section \<open>The normal lines of the offset\<close>

lemma parallel_is_multiple:
  fixes n1 n2 n3 v1 v2 v3 :: "'a::field"
  assumes h: "n1^2 + n2^2 + n3^2 \<noteq> 0"
    and c12: "n1 * v2 - n2 * v1 = 0" and c13: "n1 * v3 - n3 * v1 = 0"
    and c23: "n2 * v3 - n3 * v2 = 0"
  obtains t where "v1 = t * n1" "v2 = t * n2" "v3 = t * n3"
proof
  define h where "h = n1^2 + n2^2 + n3^2"
  define s where "s = n1 * v1 + n2 * v2 + n3 * v3"
  define t where "t = s / h"
  have "h \<noteq> 0" using assms by (simp add: h_def)
  have "v1 * h - n1 * s = n2 * (n2 * v1 - n1 * v2) + n3 * (n3 * v1 - n1 * v3)"
    by (simp add: h_def s_def power2_eq_square algebra_simps)
  also have "\<dots> = 0" using c12 c13 by (simp add: algebra_simps)
  finally show "v1 = t * n1" using \<open>h \<noteq> 0\<close> by (simp add: t_def field_simps)
  have "v2 * h - n2 * s = n1 * (n1 * v2 - n2 * v1) + n3 * (n3 * v2 - n2 * v3)"
    by (simp add: h_def s_def power2_eq_square algebra_simps)
  also have "\<dots> = 0" using c12 c23 by (simp add: algebra_simps)
  finally show "v2 = t * n2" using \<open>h \<noteq> 0\<close> by (simp add: t_def field_simps)
  have "v3 * h - n3 * s = n1 * (n1 * v3 - n3 * v1) + n2 * (n2 * v3 - n3 * v2)"
    by (simp add: h_def s_def power2_eq_square algebra_simps)
  also have "\<dots> = 0" using c13 c23 by (simp add: algebra_simps)
  finally show "v3 = t * n3" using \<open>h \<noteq> 0\<close> by (simp add: t_def field_simps)
qed

lemma sqrt_with_sign:
  fixes d t h :: complex
  assumes "d^2 = t^2 * h"
  obtains c where "c^2 = h" "d = t * c"
proof -
  have "(csqrt h)^2 = h" by simp
  then have "(d - t * csqrt h) * (d + t * csqrt h) = 0"
    using assms by (simp add: power2_eq_square algebra_simps)
  then have "d = t * csqrt h \<or> d = t * (- csqrt h)"
    by (auto simp: add_eq_0_iff)
  moreover have "(csqrt h)^2 = h" "(- csqrt h)^2 = h" by simp_all
  ultimately show thesis using that by blast
qed
(* Let $\textsc{All}$ denote the set of all languages $L \subseteq \{0,1\}^*$. Then $\mathrm{T}_s(\mathbb{Q}) = \textsc{All}$; that is, for every language $L \subseteq \{0,1\}^*$ there exists a transformer over the rational datatype $\mathbb{Q}$ with (strong) saturated attention, size-preserving embedding function and size-preserving activation functions, which recognizes $L$.
   Context: Datatypes. All values are binary strings. An integer is encoded as a sign bit followed by binary magnitude bits; an unsigned integer omits the sign bit. A rational $r \in \mathbb{Q}$ is encoded as a sign bit $s$ together with a pair $\langle p,q\rangle$ of unsigned integers (padded to equal length and interleaved), representing $(2s-1)p/q$; addition and multiplication are the usual ones followed by reduction to lowest terms ($p,q$ divided by $\gcd(p,q)$). The size $|x|$ of a value $x$ is its length in bits. A function $f:\{0,1\}^*\to\{0,1\}^*$ is size-preserving if there are constants $c,N$ such that $|f(x)| \le c|x|$ for all $x$ with $|x|\ge N$; $\mathcal S$ denotes the set of size-preserving functions (applied to numbers/vectors via their binary encodings; an input pair $(\sigma,i)\in\Sigma\times\mathbb N$ is likewise viewed as a bitstring). Saturated attention. For a score vector $a\in\mathbb D^n$ let $\mathcal M(a)=\{i : a_i=\max_j a_j\}$ and $s(a)_j = 1/|\mathcal M(a)|$ if $j\in\mathcal M(a)$ and $0$ otherwise. Transformer. Over datatype $\mathbb D$ with finite alphabet $\Sigma$, model dimension $k$, $L$ layers and $H$ heads per layer, a transformer consists of an embedding function $\phi:\Sigma\times\mathbb N\to\mathbb D^k$ in $\mathcal S$, scoring functions $s_{\ell,h}:\mathbb D^k\times\mathbb D^k\to\mathbb D$, and activation functions $f_\ell$ in $\mathcal S$. On input $w\in\Sigma^n$: $v_{0,i}=\phi(w_i,i)$; $a_{\ell,h,i,j}=s_{\ell,h}(v_{\ell,i},v_{\ell,j})$; the head output is $b_{\ell+1,h,i}=\sum_{j=1}^n \alpha(a_{\ell,h,i,\cdot})_j\, v_{\ell,j}$ with $\alpha$ the attention function and all arithmetic in $\mathbb D$; and $v_{\ell+1,i}=f_{\ell+1}(v_{\ell,i}, b_{\ell+1,1,i},\dots,b_{\ell+1,H,i})$. The transformer recognizes $L\subseteq\Sigma^*$ if there is a rational affine map $W,b$ with $W\cdot v_{L,1}(w)+b>0 \iff w\in L$ for all $w\in\Sigma^*$. $\mathrm T_\alpha(\mathbb D)$ is the class of languages recognized by some such transformer with attention function $\alpha$, datatype $\mathbb D$, some $k$, and embedding and activation functions in $\mathcal S$. *)

theory Defs
  imports Complex_Main
begin

fun nat_bits :: "nat \<Rightarrow> bool list" where
  "nat_bits n = (if n = 0 then [] else nat_bits (n div 2) @ [odd n])"

declare nat_bits.simps[simp del]

definition pad_to :: "nat \<Rightarrow> bool list \<Rightarrow> bool list" where
  "pad_to m xs = replicate (m - length xs) False @ xs"

fun interleave :: "bool list \<Rightarrow> bool list \<Rightarrow> bool list" where
  "interleave (x # xs) (y # ys) = x # y # interleave xs ys"
| "interleave _ _ = []"

text \<open>Rational r = (2s-1) p/q in lowest terms (q > 0): sign bit s (True = nonnegative),
  followed by p and q padded to equal length and interleaved.\<close>
definition enc_rat :: "rat \<Rightarrow> bool list" where
  "enc_rat r = (let (p, q) = quotient_of r;
                    bp = nat_bits (nat \<bar>p\<bar>); bq = nat_bits (nat q);
                    m = max (length bp) (length bq)
                in (0 \<le> p) # interleave (pad_to m bp) (pad_to m bq))"

text \<open>Self-delimiting encoding of a finite sequence of bitstrings
  (each bit doubled, each item terminated by 01).\<close>
definition enc_seq :: "bool list list \<Rightarrow> bool list" where
  "enc_seq ws = concat (map (\<lambda>w. concat (map (\<lambda>b. [b, b]) w) @ [False, True]) ws)"

definition enc_vec :: "rat list \<Rightarrow> bool list" where
  "enc_vec v = enc_seq (map enc_rat v)"

definition enc_sym_pos :: "bool \<times> nat \<Rightarrow> bool list" where
  "enc_sym_pos x = fst x # nat_bits (snd x)"

definition enc_act_in :: "rat list \<times> rat list list \<Rightarrow> bool list" where
  "enc_act_in x = enc_seq (map enc_vec (fst x # snd x))"

definition size_preserving :: "('a \<Rightarrow> bool list) \<Rightarrow> ('b \<Rightarrow> bool list) \<Rightarrow> ('a \<Rightarrow> 'b) \<Rightarrow> bool" where
  "size_preserving ein eout g \<longleftrightarrow>
     (\<exists>c N::nat. \<forall>x. length (ein x) \<ge> N \<longrightarrow> length (eout (g x)) \<le> c * length (ein x))"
***
Give back the material above in full, exactly as it reads.

■ **RESULT OF THE TASK**
section \<open>The normal lines of the offset\<close>

lemma parallel_is_multiple:
  fixes n1 n2 n3 v1 v2 v3 :: "'a::field"
  assumes h: "n1^2 + n2^2 + n3^2 \<noteq> 0"
    and c12: "n1 * v2 - n2 * v1 = 0" and c13: "n1 * v3 - n3 * v1 = 0"
    and c23: "n2 * v3 - n3 * v2 = 0"
  obtains t where "v1 = t * n1" "v2 = t * n2" "v3 = t * n3"
proof
  define h where "h = n1^2 + n2^2 + n3^2"
  define s where "s = n1 * v1 + n2 * v2 + n3 * v3"
  define t where "t = s / h"
  have "h \<noteq> 0" using assms by (simp add: h_def)
  have "v1 * h - n1 * s = n2 * (n2 * v1 - n1 * v2) + n3 * (n3 * v1 - n1 * v3)"
    by (simp add: h_def s_def power2_eq_square algebra_simps)
  also have "\<dots> = 0" using c12 c13 by (simp add: algebra_simps)
  finally show "v1 = t * n1" using \<open>h \<noteq> 0\<close> by (simp add: t_def field_simps)
  have "v2 * h - n2 * s = n1 * (n1 * v2 - n2 * v1) + n3 * (n3 * v2 - n2 * v3)"
    by (simp add: h_def s_def power2_eq_square algebra_simps)
  also have "\<dots> = 0" using c12 c23 by (simp add: algebra_simps)
  finally show "v2 = t * n2" using \<open>h \<noteq> 0\<close> by (simp add: t_def field_simps)
  have "v3 * h - n3 * s = n1 * (n1 * v3 - n3 * v1) + n2 * (n2 * v3 - n3 * v2)"
    by (simp add: h_def s_def power2_eq_square algebra_simps)
  also have "\<dots> = 0" using c13 c23 by (simp add: algebra_simps)
  finally show "v3 = t * n3" using \<open>h \<noteq> 0\<close> by (simp add: t_def field_simps)
qed

lemma sqrt_with_sign:
  fixes d t h :: complex
  assumes "d^2 = t^2 * h"
  obtains c where "c^2 = h" "d = t * c"
proof -
  have "(csqrt h)^2 = h" by simp
  then have "(d - t * csqrt h) * (d + t * csqrt h) = 0"
    using assms by (simp add: power2_eq_square algebra_simps)
  then have "d = t * csqrt h \<or> d = t * (- csqrt h)"
    by (auto simp: add_eq_0_iff)
  moreover have "(csqrt h)^2 = h" "(- csqrt h)^2 = h" by simp_all
  ultimately show thesis using that by blast
qed
(* Let $\textsc{All}$ denote the set of all languages $L \subseteq \{0,1\}^*$. Then $\mathrm{T}_s(\mathbb{Q}) = \textsc{All}$; that is, for every language $L \subseteq \{0,1\}^*$ there exists a transformer over the rational datatype $\mathbb{Q}$ with (strong) saturated attention, size-preserving embedding function and size-preserving activation functions, which recognizes $L$.
   Context: Datatypes. All values are binary strings. An integer is encoded as a sign bit followed by binary magnitude bits; an unsigned integer omits the sign bit. A rational $r \in \mathbb{Q}$ is encoded as a sign bit $s$ together with a pair $\langle p,q\rangle$ of unsigned integers (padded to equal length and interleaved), representing $(2s-1)p/q$; addition and multiplication are the usual ones followed by reduction to lowest terms ($p,q$ divided by $\gcd(p,q)$). The size $|x|$ of a value $x$ is its length in bits. A function $f:\{0,1\}^*\to\{0,1\}^*$ is size-preserving if there are constants $c,N$ such that $|f(x)| \le c|x|$ for all $x$ with $|x|\ge N$; $\mathcal S$ denotes the set of size-preserving functions (applied to numbers/vectors via their binary encodings; an input pair $(\sigma,i)\in\Sigma\times\mathbb N$ is likewise viewed as a bitstring). Saturated attention. For a score vector $a\in\mathbb D^n$ let $\mathcal M(a)=\{i : a_i=\max_j a_j\}$ and $s(a)_j = 1/|\mathcal M(a)|$ if $j\in\mathcal M(a)$ and $0$ otherwise. Transformer. Over datatype $\mathbb D$ with finite alphabet $\Sigma$, model dimension $k$, $L$ layers and $H$ heads per layer, a transformer consists of an embedding function $\phi:\Sigma\times\mathbb N\to\mathbb D^k$ in $\mathcal S$, scoring functions $s_{\ell,h}:\mathbb D^k\times\mathbb D^k\to\mathbb D$, and activation functions $f_\ell$ in $\mathcal S$. On input $w\in\Sigma^n$: $v_{0,i}=\phi(w_i,i)$; $a_{\ell,h,i,j}=s_{\ell,h}(v_{\ell,i},v_{\ell,j})$; the head output is $b_{\ell+1,h,i}=\sum_{j=1}^n \alpha(a_{\ell,h,i,\cdot})_j\, v_{\ell,j}$ with $\alpha$ the attention function and all arithmetic in $\mathbb D$; and $v_{\ell+1,i}=f_{\ell+1}(v_{\ell,i}, b_{\ell+1,1,i},\dots,b_{\ell+1,H,i})$. The transformer recognizes $L\subseteq\Sigma^*$ if there is a rational affine map $W,b$ with $W\cdot v_{L,1}(w)+b>0 \iff w\in L$ for all $w\in\Sigma^*$. $\mathrm T_\alpha(\mathbb D)$ is the class of languages recognized by some such transformer with attention function $\alpha$, datatype $\mathbb D$, some $k$, and embedding and activation functions in $\mathcal S$. *)

theory Defs
  imports Complex_Main
begin

fun nat_bits :: "nat \<Rightarrow> bool list" where
  "nat_bits n = (if n = 0 then [] else nat_bits (n div 2) @ [odd n])"

declare nat_bits.simps[simp del]

definition pad_to :: "nat \<Rightarrow> bool list \<Rightarrow> bool list" where
  "pad_to m xs = replicate (m - length xs) False @ xs"

fun interleave :: "bool list \<Rightarrow> bool list \<Rightarrow> bool list" where
  "interleave (x # xs) (y # ys) = x # y # interleave xs ys"
| "interleave _ _ = []"

text \<open>Rational r = (2s-1) p/q in lowest terms (q > 0): sign bit s (True = nonnegative),
  followed by p and q padded to equal length and interleaved.\<close>
definition enc_rat :: "rat \<Rightarrow> bool list" where
  "enc_rat r = (let (p, q) = quotient_of r;
                    bp = nat_bits (nat \<bar>p\<bar>); bq = nat_bits (nat q);
                    m = max (length bp) (length bq)
                in (0 \<le> p) # interleave (pad_to m bp) (pad_to m bq))"

text \<open>Self-delimiting encoding of a finite sequence of bitstrings
  (each bit doubled, each item terminated by 01).\<close>
definition enc_seq :: "bool list list \<Rightarrow> bool list" where
  "enc_seq ws = concat (map (\<lambda>w. concat (map (\<lambda>b. [b, b]) w) @ [False, True]) ws)"

definition enc_vec :: "rat list \<Rightarrow> bool list" where
  "enc_vec v = enc_seq (map enc_rat v)"

definition enc_sym_pos :: "bool \<times> nat \<Rightarrow> bool list" where
  "enc_sym_pos x = fst x # nat_bits (snd x)"

definition enc_act_in :: "rat list \<times> rat list list \<Rightarrow> bool list" where
  "enc_act_in x = enc_seq (map enc_vec (fst x # snd x))"

definition size_preserving :: "('a \<Rightarrow> bool list) \<Rightarrow> ('b \<Rightarrow> bool list) \<Rightarrow> ('a \<Rightarrow> 'b) \<Rightarrow> bool" where
  "size_preserving ein eout g \<longleftrightarrow>
     (\<exists>c N::nat. \<forall>x. length (ein x) \<ge> N \<longrightarrow> length (eout (g x)) \<le> c * length (ein x))"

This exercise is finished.